They sat silent for a time in the autumn afternoon.

Finally, Norton said, "In a day or two, before the end of the week, I'll be taking a few days off. I do it every fall. Usually earlier than this. Thus matter of the visitors makes me late this year. I'll drive up through the wilderness area, a canoe strapped to the top of the ear. I'll park beside a little river that I know and will spend a few days canoeing. A sort of farewell to the autumn wilderness, a few days with it before bad weather closes in. I just paddle along and look, taking it easy, not pushing myself. I won't work at it. Maybe do a little fishing. Mostly looking, though."

"It sounds nice," said Kathy.

"I was thinking. Why don't you phone Jerry and ask him to come up here. Tell Johnny you're taking some vacation. The two of you join me on this little jaunt. You get away from your deadlines, Jerry from his classes. It would do the both of you a world of good."

"I think it would," said Kathy, "but we can't. I used up all my vacation time in June and Jerry's got his thesis."

"I'm sorry," Norton said. "It would have been nice to have had the two of you along."

"I'm sorry, too," said Kathy. "Thanks so much for asking."

35. WASHINGTON, D.C

The President came into the press office as Porter was preparing to leave. The press secretary rose from his desk, surprised, and said, "You are working late, sir."

"And so are you," said the President. "I saw your light and decided to come in.

"Is there anything I can do for you?"

"Only listen to me," said the President. "I need someone I can sit down with and take off my shoes."

He walked to a sofa against the wall and dropped into it, slouching, stretching out his legs, locking his hands behind his head.

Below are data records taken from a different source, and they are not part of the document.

(* Let $h:\mathbb{R}\to(0,1)$ be continuous and let $B^{(h)}$ be the normalized multifractional Brownian motion with function $h$. For every $n\ge1$, every pairwise distinct $t_1,\dots,t_n\in\mathbb{R}\setminus\{0\}$ and every $(\beta_1,\dots,\beta_n)\in\mathbb{R}^n$, if $\sum_{j=1}^n\beta_jB^{(h)}(t_j)=0$ almost surely, then $\beta_1=\dots=\beta_n=0$.
   Context: For $x\in(0,1)$, $c_x:=\big(2\pi/(\Gamma(2x+1)\sin(\pi x))\big)^{1/2}$. The normalized multifractional Brownian motion with continuous function $h:\mathbb{R}\to(0,1)$ is the centered Gaussian process with covariance $R_h(t,s)=\frac{c^2_{h_{t,s}}}{c_{h(t)}c_{h(s)}}\cdot\frac12\big(|t|^{2h_{t,s}}+|s|^{2h_{t,s}}-|t-s|^{2h_{t,s}}\big)$, where $h_{t,s}=(h(t)+h(s))/2$. Equivalently, $B^{(h)}(t)=\int_{\mathbb{R}}\frac{e^{itu}-1}{c_{h(t)}|u|^{h(t)+1/2}}\widetilde W(du)$ for a complex Gaussian random measure $\widetilde W$ associated with a standard white noise. *)

theory Defs
  imports "HOL-Probability.Probability"
begin

definition c_mbm :: "real \<Rightarrow> real" where
  "c_mbm x = sqrt (2 * pi / (Gamma (2 * x + 1) * sin (pi * x)))"

definition R_mbm :: "(real \<Rightarrow> real) \<Rightarrow> real \<Rightarrow> real \<Rightarrow> real" where
  "R_mbm h t s =
     (let H = (h t + h s) / 2
      in (c_mbm H)\<^sup>2 / (c_mbm (h t) * c_mbm (h s)) * (1/2) *
         (\<bar>t\<bar> powr (2 * H) + \<bar>s\<bar> powr (2 * H) - \<bar>t - s\<bar> powr (2 * H)))"

definition centered_gaussian_process ::
  "'a measure \<Rightarrow> (real \<Rightarrow> 'a \<Rightarrow> real) \<Rightarrow> (real \<Rightarrow> real \<Rightarrow> real) \<Rightarrow> bool" where
  "centered_gaussian_process M X K \<longleftrightarrow>
     prob_space M \<and> (\<forall>t. X t \<in> borel_measurable M) \<and>
     (\<forall>(I::real set) (c::real \<Rightarrow> real). finite I \<longrightarrow>
        (let Y = (\<lambda>\<omega>. \<Sum>t\<in>I. c t * X t \<omega>);
             v = (\<Sum>s\<in>I. \<Sum>t\<in>I. c s * c t * K s t)
         in (0 < v \<and> distributed M lborel Y (normal_density 0 (sqrt v))) \<or>
            (v = 0 \<and> (AE \<omega> in M. Y \<omega> = 0))))"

"Dave," he asked, "is all of this really happening or am I having a bad dream?"

"I fear," said Porter, "that it is happening. Although there are times when I ask myself the same question."

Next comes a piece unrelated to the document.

(* (Generalized Fractional Noether's Theorem.) Let $a<b$, $1<p<\infty$, $q=p/(p-1)$, $\Delta=\{(t,\tau):a\le\tau<t\le b\}$, $k\in L^q(\Delta;\mathbb{R})$, $\lambda,\mu\in\mathbb{R}$, and let $K_P,K_{P^*},A_{P^*},B_P$ be as in the context. Let $F:\mathbb{R}^4\times[a,b]\to\mathbb{R}$ be of class $C^1$ and write $(\star_y)(t)=(y(t),K_P[y](t),\dot y(t),B_P[y](t),t)$. Let $\phi:[-\varepsilon,\varepsilon]\times[a,b]\times\mathbb{R}\to\mathbb{R}$ be of class $C^2$ with $\phi(0,t,x)=x$, set $\xi(t,x)=\frac{\partial\phi}{\partial\theta}(0,t,x)$ and $\hat y(t)=\phi(\theta,t,y(t))$. Suppose $F$ is invariant under this family, i.e. $t\mapsto\xi(t,y(t))\in C^1([a,b];\mathbb{R})$ with $K_P[\tau\mapsto\xi(\tau,y(\tau))],B_P[\tau\mapsto\xi(\tau,y(\tau))]\in C([a,b];\mathbb{R})$, and $F(\star_y)(t)=F(\star_{\hat y})(t)$ for all $\theta\in[-\varepsilon,\varepsilon]$ and all $y\in C^1([a,b];\mathbb{R})$ with $K_P[y],B_P[y]\in C([a,b];\mathbb{R})$. Then every generalized fractional extremal $y$ satisfies, for $t\in(a,b)$, $$\frac{d}{dt}\big(\xi(t,y(t))\,\partial_3F(\star_y)(t)\big)+\mathbf{D}\big[\xi(\cdot,y(\cdot)),\partial_4F(\star_y)\big](t)+\mathbf{I}\big[\xi(\cdot,y(\cdot)),\partial_2F(\star_y)\big](t)=0,$$ where $\mathbf{D}[f,g]=f\cdot A_{P^*}[g]+g\cdot B_P[f]$ and $\mathbf{I}[f,g]=-f\cdot K_{P^*}[g]+g\cdot K_P[f]$.
   Context: $K_P[f](t)=\lambda\int_a^t k(t,\tau)f(\tau)d\tau+\mu\int_t^b k(\tau,t)f(\tau)d\tau$; $K_{P^*}[f](t)=\mu\int_a^t k(t,\tau)f(\tau)d\tau+\lambda\int_t^b k(\tau,t)f(\tau)d\tau$; $A_{P^*}=\frac{d}{dt}\circ K_{P^*}$; $B_P=K_P\circ\frac{d}{dt}$. $\partial_iF$ is the partial derivative of $F$ in its $i$-th argument. A generalized fractional extremal is a function $y\in C^1([a,b];\mathbb{R})$ with $K_P[y],B_P[y]\in C([a,b];\mathbb{R})$ satisfying for $t\in(a,b)$ the generalized Euler–Lagrange equation $\frac{d}{dt}[\partial_3F(\star_y)(t)]+A_{P^*}[\tau\mapsto\partial_4F(\star_y)(\tau)](t)=\partial_1F(\star_y)(t)+K_{P^*}[\tau\mapsto\partial_2F(\star_y)(\tau)](t)$ (with the needed regularity: $K_{P^*}[\partial_2F(\star_y)]$ continuous, $\partial_3F(\star_y)$ and $K_{P^*}[\partial_4F(\star_y)]$ continuously differentiable on $[a,b]$). *)

theory Defs
  imports "HOL-Analysis.Analysis"
begin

"Can you see an end to it? A logical end?"

Porter shook his head. "Not at this point, I can't. But I have a sort of ingrown faith that it will work out. Even the worst situations usually do."

"All day long," said the President, "I have people hammering at me. Things they want me to do. Actions they want me to take. Probably silly things, but to the people who advocate them, I don't suppose they're silly. I have a stack of letters asking me to designate a day of prayer. I have phone calls from men I have always regarded as reasonable suggesting a proclamation calling for a day of prayer. And I'll be goddamned if I'm going to call a day of prayer. Sure, presidents at various times have asked the people to observe a day of prayer, but only on occasions that patently call for prayer, and I don't think this situation does."

"It stems from all the religious fervor this business has stirred UP," said Porter. "When people don't know what else to do, they Suddenly turn to religion, or what for them may pass for religion. It constitutes a mystic retreat into unreality. It is a search for an understanding of forces that are beyond our capability to understand, a seeking for some symbol that will bridge the gap to understanding."

"Yes, I realize all that," said the President, "and, in a way, I can sympathize with it. But to call for prayer right now would overemphasize the problem that we face. What's happening baffles the hell out of me, but I feel no sense of panic. Maybe I'm wrong, Dave. Should I be feeling panic?"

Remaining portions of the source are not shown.